(Material for this exercise)

lemma generator_0_nonzero: "generator 0 \<noteq> (\<lambda>i. 0)"
  using generator_0_at_spike coef_pos[of 0] by (metis less_irrefl of_real_eq_0_iff)

lemma scaled_generator_0_mem: "(\<lambda>i. of_real a * generator 0 i) \<in> gen_span"
  using gen_spanI[of "{0}" "\<lambda>_. of_real a"] by simp

lemma uncountable_gen_span: "uncountable gen_span"
proof
  assume countable: "countable gen_span"
  define f where "f a = (\<lambda>i. of_real a * generator 0 i)" for a :: real
  have "inj f"
  proof
    fix a b
    assume "f a = f b"
    then have "f a (spike_pos 0) = f b (spike_pos 0)"
      by simp
    then show "a = b"
      using coef_pos[of 0] by (simp add: f_def generator_0_at_spike)
  qed
  moreover have "range f \<subseteq> gen_span"
    using scaled_generator_0_mem by (auto simp: f_def)
  ultimately have "countable (UNIV :: real set)"
    using countable countable_subset countable_image_inj_on by blast
  then show False
    using uncountable_UNIV_real by blast
qed

lemma irregular_vec_gen_span:
  assumes "y \<in> gen_span" "y \<noteq> (\<lambda>i. 0)"
  shows "irregular_vec N (bw_shift w) y"
proof -
  define f where "f n = ereal (N ((bw_shift w ^^ n) y))" for n
  have "(f \<circ> shrink_time) \<longlonglongrightarrow> ereal 0"
    using tendsto_ereal[OF gen_span_shrinks[OF assms(1)]] by (simp add: f_def comp_def)
  then have "liminf f \<le> 0"
    using liminf_subseq_mono[OF strict_mono_shrink_time, of f] by (simp add: lim_imp_Liminf zero_ereal_def)
  moreover have "0 \<le> liminf f"
    using assms(1) gen_span_subset
    by (intro Liminf_bounded always_eventually allI) (auto simp: f_def intro: N_nonneg bw_shift_power_closed)
  moreover have "(f \<circ> block_len) \<longlonglongrightarrow> \<infinity>"
    using gen_span_blows_up[OF assms] by (simp add: f_def comp_def tendsto_PInfty_eq_at_top)
  then have "limsup f = \<infinity>"
    using limsup_subseq_mono[OF strict_mono_block_len, of f]
    by (simp add: lim_imp_Limsup top_unique[where 'a=ereal, unfolded top_ereal_def])
  ultimately show ?thesis
    unfolding irregular_vec_def f_def by simp
qed

lemma li_yorke_pair_gen_span:
  assumes "x \<in> gen_span" "y \<in> gen_span" "x \<noteq> y"
  shows "li_yorke_pair N (bw_shift w) x y"
  using irregular_vec_gen_span[OF gen_span_diff[OF assms(1,2)]] assms(3)
  unfolding li_yorke_pair_def irregular_vec_def bw_shift_power_diff[symmetric] seq_diff_eq_0_iff
  by simp

lemma bw_shift_densely_uniformly_li_yorke_chaotic: "densely_uniformly_li_yorke_chaotic X N (bw_shift w)"
  unfolding densely_uniformly_li_yorke_chaotic_def
proof (intro exI[of _ gen_span] conjI gen_span_dense uncountable_gen_span)
  have "(\<lambda>n. N ((bw_shift w ^^ shrink_time n) (seq_diff x y))) \<longlonglongrightarrow> 0 \<and>
      filterlim (\<lambda>n. N ((bw_shift w ^^ block_len n) (seq_diff x y))) at_top sequentially"
    if "x \<in> gen_span" "y \<in> gen_span" "x \<noteq> y" for x y
    using gen_span_shrinks gen_span_blows_up gen_span_diff[OF that(1,2)] that(3)
    by (simp add: seq_diff_eq_0_iff)
  moreover have "\<exists>x\<in>gen_span. \<exists>y\<in>gen_span. x \<noteq> y"
    using scaled_generator_0_mem[of 1] scaled_generator_0_mem[of 0] generator_0_nonzero by auto
  ultimately show "uniformly_li_yorke_scrambled X N (bw_shift w) gen_span"
    unfolding uniformly_li_yorke_scrambled_def bw_shift_power_diff[symmetric]
    using gen_span_subset by blast
qed

lemma bw_shift_dense_irregular_manifold: "dense_irregular_manifold X N (bw_shift w)"
  unfolding dense_irregular_manifold_def
  using seq_subspace_gen_span gen_span_dense irregular_vec_gen_span by blast

lemma bw_shift_li_yorke_chaotic: "li_yorke_chaotic X N (bw_shift w)"
  unfolding li_yorke_chaotic_def using gen_span_subset uncountable_gen_span li_yorke_pair_gen_span by blast

lemma bw_shift_has_li_yorke_pair: "\<exists>x\<in>X. \<exists>y\<in>X. li_yorke_pair N (bw_shift w) x y"
proof -
  have "generator 0 \<in> gen_span" "(\<lambda>i. 0) \<in> gen_span"
    using scaled_generator_0_mem[of 1] scaled_generator_0_mem[of 0] by simp_all
  then show ?thesis
    using li_yorke_pair_gen_span generator_0_nonzero gen_span_subset by blast
qed

end

theorem corollary3p9:
  fixes w :: "nat \<Rightarrow> 'a::{real_normed_field, banach}"
    and X :: "(nat \<Rightarrow> 'a) set" and N :: "(nat \<Rightarrow> 'a) \<Rightarrow> real" and p :: real
  assumes space: "(1 \<le> p \<and> X = lp_seq p \<and> N = lp_norm p) \<or> (X = c0_seq \<and> N = c0_norm)"
    and w_nonzero: "\<forall>j\<ge>1. w j \<noteq> 0"
    and w_bounded: "\<exists>M. \<forall>j\<ge>1. norm (w j) \<le> M"
  shows "let T = bw_shift w;
             P1 = ((SUP kn \<in> {(k, n). k \<ge> 1 \<and> n \<ge> 1}.
                      ereal (\<Prod>j\<in>{fst kn + 1 .. snd kn + fst kn + 1}. norm (w j))) = \<infinity>);
             P2 = (\<exists>x\<in>X. \<exists>y\<in>X. li_yorke_pair N T x y);
             P3 = li_yorke_chaotic X N T;
             P4 = dense_irregular_manifold X N T;
             P5 = densely_uniformly_li_yorke_chaotic X N T
         in (P1 \<longleftrightarrow> P2) \<and> (P1 \<longleftrightarrow> P3) \<and> (P1 \<longleftrightarrow> P4) \<and> (P1 \<longleftrightarrow> P5)"
proof -
  interpret seq_space X N
    using space lp_seq_space c0_seq_space by blast
  obtain M where M: "\<forall>j\<ge>1. norm (w j) \<le> M"
    using w_bounded by blast
  define K where "K = max 1 M"
  have K: "1 \<le> K" and wK: "\<forall>j\<ge>1. norm (w j) \<le> K"
    using M by (auto simp: K_def intro: le_max_iff_disj[THEN iffD2])
  note P1_iff = SUP_prod_eq_infinity_iff[OF K wK]
  \<comment> \<open>The argument never divides by a weight.\<close>
  show ?thesis
  proof (cases "\<forall>B. \<exists>m n. B < norm (wprod w m n)")
    case True
    interpret unbounded_weights X N w K
      using True K wK by unfold_locales
    show ?thesis
      unfolding Let_def P1_iff
      using True bw_shift_has_li_yorke_pair bw_shift_li_yorke_chaotic
        bw_shift_dense_irregular_manifold bw_shift_densely_uniformly_li_yorke_chaotic
      by simp
  next
    case False
    then obtain C where C: "\<And>m n. norm (wprod w m n) \<le> C"
      by (meson not_le)
    show ?thesis
      unfolding Let_def P1_iff
      using False not_li_yorke_pair_if_bounded[OF C] not_li_yorke_chaotic_if_bounded[OF C]
        not_dense_irregular_manifold_if_bounded[OF C]
        not_densely_uniformly_li_yorke_chaotic_if_bounded[OF C]
      by blast
  qed
qed

end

(End Material for this exercise)

Exercise instructions ::
Repeat the data in full. Nothing may be dropped or altered.

Response to the task ::
lemma generator_0_nonzero: "generator 0 \<noteq> (\<lambda>i. 0)"
  using generator_0_at_spike coef_pos[of 0] by (metis less_irrefl of_real_eq_0_iff)

lemma scaled_generator_0_mem: "(\<lambda>i. of_real a * generator 0 i) \<in> gen_span"
  using gen_spanI[of "{0}" "\<lambda>_. of_real a"] by simp

lemma uncountable_gen_span: "uncountable gen_span"
proof
  assume countable: "countable gen_span"
  define f where "f a = (\<lambda>i. of_real a * generator 0 i)" for a :: real
  have "inj f"
  proof
    fix a b
    assume "f a = f b"
    then have "f a (spike_pos 0) = f b (spike_pos 0)"
      by simp
    then show "a = b"
      using coef_pos[of 0] by (simp add: f_def generator_0_at_spike)
  qed
  moreover have "range f \<subseteq> gen_span"
    using scaled_generator_0_mem by (auto simp: f_def)
  ultimately have "countable (UNIV :: real set)"
    using countable countable_subset countable_image_inj_on by blast
  then show False
    using uncountable_UNIV_real by blast
qed

lemma irregular_vec_gen_span:
  assumes "y \<in> gen_span" "y \<noteq> (\<lambda>i. 0)"
  shows "irregular_vec N (bw_shift w) y"
proof -
  define f where "f n = ereal (N ((bw_shift w ^^ n) y))" for n
  have "(f \<circ> shrink_time) \<longlonglongrightarrow> ereal 0"
    using tendsto_ereal[OF gen_span_shrinks[OF assms(1)]] by (simp add: f_def comp_def)
  then have "liminf f \<le> 0"
    using liminf_subseq_mono[OF strict_mono_shrink_time, of f] by (simp add: lim_imp_Liminf zero_ereal_def)
  moreover have "0 \<le> liminf f"
    using assms(1) gen_span_subset
    by (intro Liminf_bounded always_eventually allI) (auto simp: f_def intro: N_nonneg bw_shift_power_closed)
  moreover have "(f \<circ> block_len) \<longlonglongrightarrow> \<infinity>"
    using gen_span_blows_up[OF assms] by (simp add: f_def comp_def tendsto_PInfty_eq_at_top)
  then have "limsup f = \<infinity>"
    using limsup_subseq_mono[OF strict_mono_block_len, of f]
    by (simp add: lim_imp_Limsup top_unique[where 'a=ereal, unfolded top_ereal_def])
  ultimately show ?thesis
    unfolding irregular_vec_def f_def by simp
qed

lemma li_yorke_pair_gen_span:
  assumes "x \<in> gen_span" "y \<in> gen_span" "x \<noteq> y"
  shows "li_yorke_pair N (bw_shift w) x y"
  using irregular_vec_gen_span[OF gen_span_diff[OF assms(1,2)]] assms(3)
  unfolding li_yorke_pair_def irregular_vec_def bw_shift_power_diff[symmetric] seq_diff_eq_0_iff
  by simp

lemma bw_shift_densely_uniformly_li_yorke_chaotic: "densely_uniformly_li_yorke_chaotic X N (bw_shift w)"
  unfolding densely_uniformly_li_yorke_chaotic_def
proof (intro exI[of _ gen_span] conjI gen_span_dense uncountable_gen_span)
  have "(\<lambda>n. N ((bw_shift w ^^ shrink_time n) (seq_diff x y))) \<longlonglongrightarrow> 0 \<and>
      filterlim (\<lambda>n. N ((bw_shift w ^^ block_len n) (seq_diff x y))) at_top sequentially"
    if "x \<in> gen_span" "y \<in> gen_span" "x \<noteq> y" for x y
    using gen_span_shrinks gen_span_blows_up gen_span_diff[OF that(1,2)] that(3)
    by (simp add: seq_diff_eq_0_iff)
  moreover have "\<exists>x\<in>gen_span. \<exists>y\<in>gen_span. x \<noteq> y"
    using scaled_generator_0_mem[of 1] scaled_generator_0_mem[of 0] generator_0_nonzero by auto
  ultimately show "uniformly_li_yorke_scrambled X N (bw_shift w) gen_span"
    unfolding uniformly_li_yorke_scrambled_def bw_shift_power_diff[symmetric]
    using gen_span_subset by blast
qed

lemma bw_shift_dense_irregular_manifold: "dense_irregular_manifold X N (bw_shift w)"
  unfolding dense_irregular_manifold_def
  using seq_subspace_gen_span gen_span_dense irregular_vec_gen_span by blast

lemma bw_shift_li_yorke_chaotic: "li_yorke_chaotic X N (bw_shift w)"
  unfolding li_yorke_chaotic_def using gen_span_subset uncountable_gen_span li_yorke_pair_gen_span by blast

lemma bw_shift_has_li_yorke_pair: "\<exists>x\<in>X. \<exists>y\<in>X. li_yorke_pair N (bw_shift w) x y"
proof -
  have "generator 0 \<in> gen_span" "(\<lambda>i. 0) \<in> gen_span"
    using scaled_generator_0_mem[of 1] scaled_generator_0_mem[of 0] by simp_all
  then show ?thesis
    using li_yorke_pair_gen_span generator_0_nonzero gen_span_subset by blast
qed

end

theorem corollary3p9:
  fixes w :: "nat \<Rightarrow> 'a::{real_normed_field, banach}"
    and X :: "(nat \<Rightarrow> 'a) set" and N :: "(nat \<Rightarrow> 'a) \<Rightarrow> real" and p :: real
  assumes space: "(1 \<le> p \<and> X = lp_seq p \<and> N = lp_norm p) \<or> (X = c0_seq \<and> N = c0_norm)"
    and w_nonzero: "\<forall>j\<ge>1. w j \<noteq> 0"
    and w_bounded: "\<exists>M. \<forall>j\<ge>1. norm (w j) \<le> M"
  shows "let T = bw_shift w;
             P1 = ((SUP kn \<in> {(k, n). k \<ge> 1 \<and> n \<ge> 1}.
                      ereal (\<Prod>j\<in>{fst kn + 1 .. snd kn + fst kn + 1}. norm (w j))) = \<infinity>);
             P2 = (\<exists>x\<in>X. \<exists>y\<in>X. li_yorke_pair N T x y);
             P3 = li_yorke_chaotic X N T;
             P4 = dense_irregular_manifold X N T;
             P5 = densely_uniformly_li_yorke_chaotic X N T
         in (P1 \<longleftrightarrow> P2) \<and> (P1 \<longleftrightarrow> P3) \<and> (P1 \<longleftrightarrow> P4) \<and> (P1 \<longleftrightarrow> P5)"
proof -
  interpret seq_space X N
    using space lp_seq_space c0_seq_space by blast
  obtain M where M: "\<forall>j\<ge>1. norm (w j) \<le> M"
    using w_bounded by blast
  define K where "K = max 1 M"
  have K: "1 \<le> K" and wK: "\<forall>j\<ge>1. norm (w j) \<le> K"
    using M by (auto simp: K_def intro: le_max_iff_disj[THEN iffD2])
  note P1_iff = SUP_prod_eq_infinity_iff[OF K wK]
  \<comment> \<open>The argument never divides by a weight.\<close>
  show ?thesis
  proof (cases "\<forall>B. \<exists>m n. B < norm (wprod w m n)")
    case True
    interpret unbounded_weights X N w K
      using True K wK by unfold_locales
    show ?thesis
      unfolding Let_def P1_iff
      using True bw_shift_has_li_yorke_pair bw_shift_li_yorke_chaotic
        bw_shift_dense_irregular_manifold bw_shift_densely_uniformly_li_yorke_chaotic
      by simp
  next
    case False
    then obtain C where C: "\<And>m n. norm (wprod w m n) \<le> C"
      by (meson not_le)
    show ?thesis
      unfolding Let_def P1_iff
      using False not_li_yorke_pair_if_bounded[OF C] not_li_yorke_chaotic_if_bounded[OF C]
        not_dense_irregular_manifold_if_bounded[OF C]
        not_densely_uniformly_li_yorke_chaotic_if_bounded[OF C]
      by blast
  qed
qed

end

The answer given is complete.